Sunday, June 24, 2007

Stroszek

Werner Herzog's 1977 masterpiece "Stroszek" is a tragic comedy, a beautifully-rendered snapshot of Berlin slums, a heartbreaking love story, a clinical study of mental illness, a condemnation of the American Dream.

It sounds a bit much, especially given Herzog's reputed misanthropy and the preponderance of foreign films that specialize in demonizing the United States (von Trier's "Dogville" being the worst of the recent bunch).

But "Stroszek" isn't interested in the cruelty of capitalism as it is the naivete of Stroszek himself (played with tragic reserve by the troubled actor Bruno S.)

Stroszek simply doesn't fit in anywhere. A recently-released mental patient who's apparently been in and out of institutions because of his alcoholism, he quickly befriends Eva (Eva Mattes), another lost soul who can't escape her abusive pimps. Stroszek also reconnects with his seeming guardian angel - an elderly neighbor Mr. Scheitz (Charles Scheitz) who has tended to Stroszek's belongings during his self-pronounced "vacation."

The hypnotic first half of the picture paints the portrait of a seedy Berlin slum from which nothing good can emerge - but Herzog's subtle camerawork (featuring a great deal of perfectly-framed static shots) tells of an impending miracle - surely, nothing can possibly get worse.

Indeed, hope is just around the corner; Stroszek simply needs to hitch his star to the right wagon.
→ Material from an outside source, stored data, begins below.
(* Let $M\in\mathbb{R}^{D\times D}$ be symmetric positive semidefinite, let $L_*$ be a $d$-dimensional subspace of $\mathbb{R}^D$ with $1\le d<D$, and let $x=\sigma_{D-d}(U_{L_*^\perp}^\top MU_{L_*^\perp})$, $y=\sigma_d(U_{L_*}^\top MU_{L_*})$, $z=\|U_{L_*}^\top MU_{L_*^\perp}\|$. Then $$\sigma_D(M)\ge\frac{(x+y)-\sqrt{(x-y)^2+4z^2}}{2}.$$ If moreover $z\le\sqrt{xy}/2$, then $\sigma_D(M)\ge\min(x,y)/3$.
   Context: $U_{L_*}\in\mathbb{R}^{D\times d}$ and $U_{L_*^\perp}\in\mathbb{R}^{D\times(D-d)}$ have orthonormal columns spanning $L_*$ and its orthogonal complement. $\sigma_i(\cdot)$ denotes the $i$-th largest eigenvalue of a symmetric matrix, and $\|\cdot\|$ is the spectral norm. *)

theory Defs
  imports "Jordan_Normal_Form.Char_Poly" "HOL-Computational_Algebra.Polynomial"
begin

text \<open>Eigenvalues (with algebraic multiplicity) of a square real matrix, sorted in
  decreasing order; for a real symmetric matrix these are all its eigenvalues.
  sigma A i is the i-th largest eigenvalue (1-based).\<close>
definition eigs_desc :: "real mat \<Rightarrow> real list" where
  "eigs_desc A = rev (sorted_list_of_multiset (proots (char_poly A)))"

definition sigma :: "real mat \<Rightarrow> nat \<Rightarrow> real" where
  "sigma A i = eigs_desc A ! (i - 1)"

definition vnorm :: "real vec \<Rightarrow> real" where
  "vnorm v = sqrt (v \<bullet> v)"

definition spec_norm :: "real mat \<Rightarrow> real" where
  "spec_norm A = Sup {vnorm (A *\<^sub>v v) | v. v \<in> carrier_vec (dim_col A) \<and> vnorm v = 1}"

definition psd :: "real mat \<Rightarrow> nat \<Rightarrow> bool" where
  "psd M n \<longleftrightarrow> M \<in> carrier_mat n n \<and> M\<^sup>T = M \<and>
     (\<forall>v \<in> carrier_vec n. v \<bullet> (M *\<^sub>v v) \<ge> 0)"

end

(*
  Let q be a unit eigenvector of M for its smallest eigenvalue. Since U U^T + V V^T = 1, we can
  write q = U a + V b with |a|^2 + |b|^2 = 1. With A = U^T M U, B = U^T M V, C = V^T M V and
  s = |a|, t = |b|, the Rayleigh bounds for A and C and Cauchy-Schwarz for B give
    sigma_D(M) = q^T M q = a^T A a + 2 a^T B b + b^T C b >= y s^2 + x t^2 - 2 z s t.
  The right-hand side is the quadratic form of the 2 x 2 matrix [[y, -z], [-z, x]] at the unit
  vector (s, t), so it is at least the smaller eigenvalue ((x + y) - sqrt ((x - y)^2 + 4 z^2)) / 2
  of that matrix; if 4 z^2 <= x y, an elementary estimate bounds this below by min(x, y) / 3.
  The Rayleigh bounds come from the spectral theorem for real symmetric matrices, obtained by
  deflation along a real eigenvector.
*)

theory Submission
  imports Defs "Jordan_Normal_Form.Schur_Decomposition"
    "HOL-Computational_Algebra.Fundamental_Theorem_Algebra" "HOL-Analysis.L2_Norm"
begin
lemma racg_rel_append:
  "racg_rel V E a a' \<Longrightarrow> racg_rel V E b b' \<Longrightarrow> racg_rel V E (a @ b) (a' @ b')"
  using racg_rel_context[of V E a a' "[]" b] racg_rel_context[of V E b b' a' "[]"]
  by (auto intro: racg_rel_trans)

lemma racg_rel_cancel: "v \<in> V \<Longrightarrow> racg_rel V E (xs @ v # v # ys) (xs @ ys)"
  unfolding racg_rel_def by (rule r_into_equivclp) (rule racg_step.cancel)

lemma racg_rel_swap:
  "u \<in> V \<Longrightarrow> v \<in> V \<Longrightarrow> E u v \<Longrightarrow> racg_rel V E (xs @ u # v # ys) (xs @ v # u # ys)"
  unfolding racg_rel_def by (rule r_into_equivclp) (rule racg_step.swap)

lemma racg_rel_commute:
  "s \<in> V \<Longrightarrow> set l \<subseteq> V \<Longrightarrow> \<forall>x\<in>set l. E s x \<Longrightarrow> racg_rel V E (s # l) (l @ [s])"
proof (induction l)
  case (Cons x l)
  have "racg_rel V E (s # x # l) (x # s # l)"
    using racg_rel_swap[of s V x E "[]" l] Cons.prems by simp
  moreover have "racg_rel V E (x # s # l) (x # l @ [s])"
    using racg_rel_context[OF Cons.IH, of "[x]" "[]"] Cons.prems by simp
  ultimately show ?case by (auto intro: racg_rel_trans)
qed simp
lemma pconcE:
  assumes "x \<in> pconc A B"
  obtains w1 u1 w2 u2 where "x = (w1 @ w2, u1 @ u2)" "(w1, u1) \<in> A" "(w2, u2) \<in> B"
  using assms unfolding pconc_def by force

lemma pconc_mono: "A \<subseteq> A' \<Longrightarrow> B \<subseteq> B' \<Longrightarrow> pconc A B \<subseteq> pconc A' B'"
  unfolding pconc_def by blast

lemma accepted_mono: "I \<subseteq> I' \<Longrightarrow> F \<subseteq> F' \<Longrightarrow> accepted D I F \<subseteq> accepted D I' F'"
  unfolding accepted_def by blast

lemma accepted_Cons:
  "(q, a, v, q') \<in> D \<Longrightarrow> (w, u) \<in> accepted D {q'} F \<Longrightarrow> (list_of_opt a @ w, v @ u) \<in> accepted D {q} F"
  unfolding accepted_def by (auto intro: path_Cons)

lemma Nil_in_accepted: "q \<in> F \<Longrightarrow> ([], []) \<in> accepted D {q} F"
  unfolding accepted_def by (auto intro: path_Nil)

lemma pconc_accepted_Nil: "q \<in> F \<Longrightarrow> (w, u) \<in> B \<Longrightarrow> (w, u) \<in> pconc (accepted D {q} F) B"
  using pconcI[OF Nil_in_accepted] by fastforce

lemma pconc_accepted_Cons:
  assumes "(q, a, v, q') \<in> D" and "(w, u) \<in> pconc (accepted D {q'} F) B"
  shows "(list_of_opt a @ w, v @ u) \<in> pconc (accepted D {q} F) B"
  using assms(2)
proof (rule pconcE)
  fix w1 u1 w2 u2
  assume "(w, u) = (w1 @ w2, u1 @ u2)" "(w1, u1) \<in> accepted D {q'} F" "(w2, u2) \<in> B"
  with pconcI[OF accepted_Cons[OF assms(1)]] show ?thesis by fastforce
qed

definition conc_transitions ::
  "('s, 'o) transitions \<Rightarrow> nat list set \<Rightarrow> nat list set \<Rightarrow> ('s, 'o) transitions \<Rightarrow> ('s, 'o) transitions"
  where "conc_transitions D1 F1 I2 D2 =
    tag 0 D1 \<union> tag 1 D2 \<union> (\<lambda>(f, i). (0 # f, None, [], 1 # i)) ` (F1 \<times> I2)"

lemma path_conc_transitionsD:
  assumes "path (conc_transitions D1 F1 I2 D2) (0 # p) (1 # f) w u"
  shows "(w, u) \<in> pconc (accepted D1 {p} F1) (accepted D2 I2 {f})"
proof -
  let ?bridge = "(\<lambda>(f, i). (0 # f, None, [], 1 # i)) ` (F1 \<times> I2)"
  have split: "conc_transitions D1 F1 I2 D2 = tag 1 D2 \<union> (tag 0 D1 \<union> ?bridge)"
    unfolding conc_transitions_def by blast
  have sources: "fst ` (tag 0 D1 \<union> ?bridge) \<inter> range (Cons 1) = {}"
    by (auto elim!: tag_memE)
  have "(w, u) \<in> pconc (accepted D1 {p} F1) (accepted D2 I2 {f})"
    if "path (conc_transitions D1 F1 I2 D2) q r w u" "q = 0 # p" "r = 1 # f" for q r w u
    using that
  proof (induction arbitrary: p rule: path.induct)
    case (path_Cons q a v q' r w u)
    show ?case
    proof (cases "(q, a, v, q') \<in> tag 0 D1")
      case True
      then obtain p' where "q' = 0 # p'" and step: "(p, a, v, p') \<in> D1"
        using path_Cons.prems by (auto elim: tag_memE)
      with path_Cons.IH path_Cons.prems show ?thesis
        by (blast intro: pconc_accepted_Cons[OF step])
    next
      case False
      with path_Cons.hyps(1) path_Cons.prems obtain i where
        i: "p \<in> F1" "i \<in> I2" "a = None" "v = []" "q' = 1 # i"
        unfolding conc_transitions_def by (auto elim: tag_memE)
      from path_Cons.hyps(2) have "path (tag 1 D2 \<union> (tag 0 D1 \<union> ?bridge)) (1 # i) r w u"
        unfolding split i(5) .
      then obtain f' where "r = 1 # f'" "path D2 i f' w u"
        by (rule path_untag[OF _ sources])
      with path_Cons.prems(2) i(2) have "(w, u) \<in> accepted D2 I2 {f}"
        unfolding accepted_def by auto
      with i show ?thesis by (simp add: pconc_accepted_Nil)
    qed
  qed simp
  with assms show ?thesis by blast
qed

lemma accepted_conc_transitions:
  "accepted (conc_transitions D1 F1 I2 D2) (Cons 0 ` I1) (Cons 1 ` F2) =
   pconc (accepted D1 I1 F1) (accepted D2 I2 F2)"
  (is "accepted ?D _ _ = _")
proof (intro equalityI subsetI)
  fix x assume "x \<in> accepted ?D (Cons 0 ` I1) (Cons 1 ` F2)"
  then obtain w u i f where x: "x = (w, u)" "i \<in> I1" "f \<in> F2" and "path ?D (0 # i) (1 # f) w u"
    unfolding accepted_def by blast
  then have "x \<in> pconc (accepted D1 {i} F1) (accepted D2 I2 {f})"
    by (simp add: path_conc_transitionsD)
  moreover have "pconc (accepted D1 {i} F1) (accepted D2 I2 {f}) \<subseteq> pconc (accepted D1 I1 F1) (accepted D2 I2 F2)"
    using x by (intro pconc_mono accepted_mono) auto
  ultimately show "x \<in> pconc (accepted D1 I1 F1) (accepted D2 I2 F2)" by blast
next
  fix x assume "x \<in> pconc (accepted D1 I1 F1) (accepted D2 I2 F2)"
  then obtain w1 u1 w2 u2 where x: "x = (w1 @ w2, u1 @ u2)"
    and "(w1, u1) \<in> accepted D1 I1 F1" "(w2, u2) \<in> accepted D2 I2 F2"
    by (rule pconcE)
  then obtain i1 f1 i2 f2 where 1: "i1 \<in> I1" "f1 \<in> F1" "path D1 i1 f1 w1 u1"
    and 2: "i2 \<in> I2" "f2 \<in> F2" "path D2 i2 f2 w2 u2"
    unfolding accepted_def by blast
  have sub: "tag 0 D1 \<subseteq> ?D" "tag 1 D2 \<subseteq> ?D" and bridge: "(0 # f1, None, [], 1 # i2) \<in> ?D"
    unfolding conc_transitions_def using 1 2 by auto
  have "path ?D (0 # i1) (0 # f1) w1 u1"
    using path_mono[OF path_tag[OF 1(3)] sub(1)] .
  moreover have "path ?D (0 # f1) (1 # f2) w2 u2"
    using path_Cons[OF bridge path_mono[OF path_tag[OF 2(3)] sub(2)]] by simp
  ultimately have "path ?D (0 # i1) (1 # f2) (w1 @ w2) (u1 @ u2)"
    by (rule path_append)
  with 1 2 show "x \<in> accepted ?D (Cons 0 ` I1) (Cons 1 ` F2)"
    unfolding x accepted_def by blast
qed

lemma recognizable_pconc:
  assumes "recognizable A" and "recognizable B"
  shows "recognizable (pconc A B)"
proof -
  obtain D1 I1 F1 where 1: "finite D1" "finite I1" "finite F1" "A = accepted D1 I1 F1"
    using assms(1) unfolding recognizable_def by blast
  obtain D2 I2 F2 where 2: "finite D2" "finite I2" "finite F2" "B = accepted D2 I2 F2"
    using assms(2) unfolding recognizable_def by blast
  have "finite (conc_transitions D1 F1 I2 D2)"
    using 1 2 unfolding conc_transitions_def by (simp add: finite_tag)
  with 1 2 show ?thesis
    unfolding recognizable_def
    using accepted_conc_transitions[of D1 F1 I2 D2 I1 F2, symmetric]
    by (intro exI[of _ "conc_transitions D1 F1 I2 D2"] exI[of _ "Cons 0 ` I1"] exI[of _ "Cons 1 ` F2"])
      simp
qed

lemma pstar_append: "(w1, u1) \<in> A \<Longrightarrow> (w2, u2) \<in> pstar A \<Longrightarrow> (w1 @ w2, u1 @ u2) \<in> pstar A"
  using pstar_step[of "(w1, u1)" A "(w2, u2)"] by simp

lemma pconc_pstar_subset: "pconc A (pstar A) \<subseteq> pstar A"
  by (auto elim!: pconcE intro: pstar_append)

(* Used with the extra state [] as an initial and final state: it has no transitions and
   accounts for the empty pair. *)
definition star_transitions ::
  "('s, 'o) transitions \<Rightarrow> nat list set \<Rightarrow> nat list set \<Rightarrow> ('s, 'o) transitions"
  where "star_transitions D I F = tag 0 D \<union> (\<lambda>(f, i). (0 # f, None, [], 0 # i)) ` (F \<times> I)"

lemma star_transitions_tagged:
  "(q, a, v, q') \<in> star_transitions D I F \<Longrightarrow> \<exists>p p'. q = 0 # p \<and> q' = 0 # p'"
  unfolding star_transitions_def by (auto elim: tag_memE)

lemma path_star_transitionsD:
  assumes "path (star_transitions D I F) (0 # p) (0 # f) w u" and "f \<in> F"
  shows "(w, u) \<in> pconc (accepted D {p} F) (pstar (accepted D I F))"
proof -
  have "(w, u) \<in> pconc (accepted D {p} F) (pstar (accepted D I F))"
    if "path (star_transitions D I F) q r w u" "q = 0 # p" "r = 0 # f" for q r w u
    using that
  proof (induction arbitrary: p rule: path.induct)
    case (path_Nil q)
    with assms(2) show ?case
      by (simp add: pconc_accepted_Nil pstar_nil)
  next
    case (path_Cons q a v q' r w u)
    show ?case
    proof (cases "(q, a, v, q') \<in> tag 0 D")
      case True
      then obtain p' where "q' = 0 # p'" and step: "(p, a, v, p') \<in> D"
        using path_Cons.prems by (auto elim: tag_memE)
      with path_Cons.IH path_Cons.prems show ?thesis
        by (blast intro: pconc_accepted_Cons[OF step])
    next
      case False
      with path_Cons.hyps(1) path_Cons.prems obtain i where
        i: "p \<in> F" "i \<in> I" "a = None" "v = []" "q' = 0 # i"
        unfolding star_transitions_def by auto
      with path_Cons.IH path_Cons.prems
      have "(w, u) \<in> pconc (accepted D {i} F) (pstar (accepted D I F))" by blast
      also have "\<dots> \<subseteq> pconc (accepted D I F) (pstar (accepted D I F))"
        using i(2) by (intro pconc_mono accepted_mono) auto
      also have "\<dots> \<subseteq> pstar (accepted D I F)"
        by (rule pconc_pstar_subset)
      finally show ?thesis
        using i by (simp add: pconc_accepted_Nil)
    qed
  qed
  with assms show ?thesis by blast
qed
Mr. Scheitz is planning to move to rural Wisconsin, where his nephew has promised a good life away from the gray violence of 1970s Germany.

After one last attack from Eva's pimps, the trio are off to Railroad Flats - a dismal, rural burg that is - if anything - darker than Berlin. It's a place whose few denizens bide their ample time telling stories of unsolved murders and tawdry sex jokes, a place from which just about anyone would be desperate to escape.

But Stroszek's hope, and his love for Eva, are such that he commits to the town, buying a prefabricated mobile home and an expensive color TV that neither of them can afford. But it will work out - it has to. America is the promised land, believes Stroszek - even for a non-English-speaking, alcoholic immigrant with a prostitute girlfriend.

Of course he is doomed to fail, but, unlike the programmatic "Dogville," "Stroszek" never wishes the worst for its character in the hopes of making grand Statements. It simply observes, from a distance, the tragedy of mistaken innocence. Stroszek is tabula rasa - a man who only wants to play his accordion in a public square - not to exchange bawdy anecdotes with auto mechanics.

In its way, "Stroszek" is the real-world counterpoint to Robert Zemeckis's 1994 comic adventure "Forrest Gump," where hopeful dimness is prized, rewarded, beloved - where an idiot can find salvation in rural America despite a promiscuous girlfriend and an eccentric best friend.

Herzog's vison is far more honest - he plays cynical Candide to Zemeckis's idealistic Pangloss, yet Herzog still manages to keep his sense of humor intact. Despite the tragedies, and there are many, in "Stroszek," there are surreal slices of humor that surface even during the film's great and terrible climax - which Herzog counters with langorous shots of a dancing chicken.

Theories abound about the point of the chicken, a novelty act who dances on cue when someone drops a quarter into a machine. Nonsensical on the surface, the chicken probably represents Herzog's Skinner-ian vision of humanity: Like the chicken, we are all products of operant conditioning. Like Stroszek, we are all destined - for good or ill - to follow the paths set forth from our births.

Halfway through the film, Stroszek is shown a prematurely-born baby, whose grip reflexes are so strong that it won't let go of a doctor's hands, even as the doctor yanks it into the air. Stroszek is the adult version of the baby - a confused child looking for something - anything - human to grasp onto. But no one will hold onto the poor man; his worth as a human being is disregarded by everyone save the pathetic, senile Mr. Scheitz.

In any other film, Stroszek would be rescued, validated, saved. Not in Berlin. Not in Railroad Flats. Not, Herzog might say, anywhere.